lemma dom_opb: "dom (opb n i j) = Omega n - {i}"
  by (auto simp: opb_eq dom_def split: if_splits)

lemma opb_fun_mem_Omega:
  "i \<in> Omega n \<Longrightarrow> j \<in> Omega n \<Longrightarrow> x \<in> Omega n - {i} \<Longrightarrow> opb_fun i j x \<in> Omega n - {j}"
  by (auto simp: opb_fun_def Let_def Omega_def)

lemma opb_fun_less_iff: "x \<noteq> i \<Longrightarrow> y \<noteq> i \<Longrightarrow> opb_fun i j x < opb_fun i j y \<longleftrightarrow> x < y"
  by (auto simp: opb_fun_def Let_def)

lemma opb_fun_inj: "x \<noteq> i \<Longrightarrow> y \<noteq> i \<Longrightarrow> opb_fun i j x = opb_fun i j y \<longleftrightarrow> x = y"
  using opb_fun_less_iff[of x i y j] opb_fun_less_iff[of y i x j] by (cases x y rule: linorder_cases) auto

lemma opb_fun_neq: "x \<noteq> i \<Longrightarrow> opb_fun i j x \<noteq> j"
  by (auto simp: opb_fun_def Let_def)

lemma opb_fun_comp: "x \<noteq> i \<Longrightarrow> opb_fun j k (opb_fun i j x) = opb_fun i k x"
  by (auto simp: opb_fun_def Let_def)

lemma opb_fun_same: "x \<noteq> i \<Longrightarrow> opb_fun i i x = x"
  by (auto simp: opb_fun_def Let_def)

lemma opb_fun_inverse: "x \<noteq> i \<Longrightarrow> opb_fun j i (opb_fun i j x) = x"
  by (simp add: opb_fun_comp opb_fun_same)

lemma ran_opb:
  assumes "i \<in> Omega n" "j \<in> Omega n"
  shows "ran (opb n i j) = Omega n - {j}"
proof -
  have "ran (opb n i j) = (the \<circ> opb n i j) ` (Omega n - {i})"
    by (simp add: ran_eq_image_dom dom_opb)
  also have "\<dots> = opb_fun i j ` (Omega n - {i})"
    by (rule image_cong) (simp_all add: opb_eq)
  also have "\<dots> = Omega n - {j}"
  proof
    show "opb_fun i j ` (Omega n - {i}) \<subseteq> Omega n - {j}"
      using opb_fun_mem_Omega[OF assms] by (simp add: image_subset_iff)
    show "Omega n - {j} \<subseteq> opb_fun i j ` (Omega n - {i})"
    proof
      fix y
      assume y: "y \<in> Omega n - {j}"
      show "y \<in> opb_fun i j ` (Omega n - {i})"
      proof (rule image_eqI)
        show "y = opb_fun i j (opb_fun j i y)"
          using y opb_fun_inverse[of y j i] by simp
        show "opb_fun j i y \<in> Omega n - {i}"
          using y opb_fun_mem_Omega[OF assms(2,1), of y] by simp
      qed
    qed
  qed
  finally show ?thesis .
qed

lemma opb_PI:
  assumes "i \<in> Omega n" "j \<in> Omega n"
  shows "opb n i j \<in> PI n"
proof -
  have "inj_on (opb n i j) (dom (opb n i j))"
    by (rule inj_onI) (simp add: dom_opb opb_eq opb_fun_inj)
  then show ?thesis
    unfolding PI_def using ran_opb[OF assms] by (simp add: dom_opb)
qed

lemma strict_mono_opb: "strict_mono_pmap (opb n i j)"
  by (rule monotone_onI) (simp add: dom_opb opb_eq opb_fun_less_iff)

lemma opb_comp:
  assumes "i \<in> Omega n" "j \<in> Omega n"
  shows "pcomp (opb n i j) (opb n j k) = opb n i k"
proof
  fix x
  show "pcomp (opb n i j) (opb n j k) x = opb n i k x"
    using opb_fun_mem_Omega[OF assms, of x] opb_fun_comp[of x i j k]
    by (auto simp: pcomp_def opb_eq)
qed

lemma opb_same: "opb n i i = Some |` (Omega n - {i})"
  by (auto simp: fun_eq_iff opb_eq restrict_map_def opb_fun_same)

lemma opb_conj_hmap:
  assumes "i \<in> Omega n" "j \<in> Omega n"
  shows "pcomp (pcomp (hmap n) (opb n i j)) (hmap n) = opb n (n + 1 - i) (n + 1 - j)"
proof
  fix x
  show "pcomp (pcomp (hmap n) (opb n i j)) (hmap n) x = opb n (n + 1 - i) (n + 1 - j) x"
  proof (cases "x \<in> Omega n \<and> x \<noteq> n + 1 - i")
    case True
    then have "n + 1 - x \<in> Omega n - {i}"
      using assms by (auto simp: Omega_def)
    moreover have "n + 1 - opb_fun i j (n + 1 - x) = opb_fun (n + 1 - i) (n + 1 - j) x"
      using True assms unfolding opb_fun_def Let_def Omega_def by (simp split: if_split) linarith
    ultimately show ?thesis
      using True opb_fun_mem_Omega[OF assms, of "n + 1 - x"]
      by (simp add: pcomp_def hmap_def opb_eq)
  next
    case False
    then show ?thesis
      using assms by (auto simp: pcomp_def hmap_def opb_eq Omega_def)
  qed
qed

section \<open>Parity of opb n i j and of the reversal h\<close>

(* The permutation extending opb n i j; it is a cycle of length |i - j| + 1. *)
definition opb_perm :: "nat \<Rightarrow> nat \<Rightarrow> nat \<Rightarrow> nat" where
  "opb_perm i j x = (if x = i then j else opb_fun i j x)"
(* Let $n\ge 1$ and let $V,H$ be real $2n\times 2n$ symmetric positive-definite matrices with respective symplectic eigenvalues $\lambda_1^V\ge \lambda_2^V\ge\cdots\ge\lambda_n^V>0$ and $\lambda_1^H\ge\lambda_2^H\ge\cdots\ge\lambda_n^H>0$. Then \[ \inf_{S\in Sp(2n)} \operatorname{tr}(S V S^{T} H) \;=\; 2\sum_{i=1}^{n} \lambda_i^{H}\,\lambda_{n+1-i}^{V}. \]
   Context: Let $J=\begin{bmatrix}0 & \mathbb{I}_n\\ -\mathbb{I}_n & 0\end{bmatrix}$ and $Sp(2n)=\{S\in\mathbb{R}^{2n\times 2n}: S^T J S = J\}$ be the real symplectic group. By Williamson's theorem, for every real symmetric positive-definite $2n\times 2n$ matrix $M$ there is $S_M\in Sp(2n)$ with $S_M^T M S_M=\begin{bmatrix}\mathcal{D}_M & 0\\ 0&\mathcal{D}_M\end{bmatrix}$, where $\mathcal{D}_M=\operatorname{diag}(\lambda_1^M,\dots,\lambda_n^M)$, $\lambda_1^M\ge\cdots\ge\lambda_n^M>0$; these numbers $\lambda_i^M$ are the symplectic eigenvalues of $M$ (equivalently, $\pm i\lambda_i^M$ are the eigenvalues of $JM$). *)

theory Defs
  imports "Jordan_Normal_Form.Matrix"
begin

definition mat_trace :: "real mat \<Rightarrow> real" where
  "mat_trace A = (\<Sum>i<dim_row A. A $$ (i, i))"

definition sympJ :: "nat \<Rightarrow> real mat" where
  "sympJ n = four_block_mat (0\<^sub>m n n) (1\<^sub>m n) (- 1\<^sub>m n) (0\<^sub>m n n)"

definition Sp :: "nat \<Rightarrow> real mat set" where
  "Sp n = {S \<in> carrier_mat (2*n) (2*n). S\<^sup>T * sympJ n * S = sympJ n}"

definition sym_pos_def :: "nat \<Rightarrow> real mat \<Rightarrow> bool" where
  "sym_pos_def m M \<longleftrightarrow> M \<in> carrier_mat m m \<and> M\<^sup>T = M \<and>
     (\<forall>v \<in> carrier_vec m. v \<noteq> 0\<^sub>v m \<longrightarrow> v \<bullet> (M *\<^sub>v v) > 0)"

○ ○ ○ ○

■ PROBLEM ■
From the opening line of the data above through the line that contains "using opb_fun_less_iff[of x", please print each line as it stands and only those lines.

■ SOLUTION ■
lemma dom_opb: "dom (opb n i j) = Omega n - {i}"
  by (auto simp: opb_eq dom_def split: if_splits)

lemma opb_fun_mem_Omega:
  "i \<in> Omega n \<Longrightarrow> j \<in> Omega n \<Longrightarrow> x \<in> Omega n - {i} \<Longrightarrow> opb_fun i j x \<in> Omega n - {j}"
  by (auto simp: opb_fun_def Let_def Omega_def)

lemma opb_fun_less_iff: "x \<noteq> i \<Longrightarrow> y \<noteq> i \<Longrightarrow> opb_fun i j x < opb_fun i j y \<longleftrightarrow> x < y"
  by (auto simp: opb_fun_def Let_def)

lemma opb_fun_inj: "x \<noteq> i \<Longrightarrow> y \<noteq> i \<Longrightarrow> opb_fun i j x = opb_fun i j y \<longleftrightarrow> x = y"
  using opb_fun_less_iff[of x i y j] opb_fun_less_iff[of y i x j] by (cases x y rule: linorder_cases) auto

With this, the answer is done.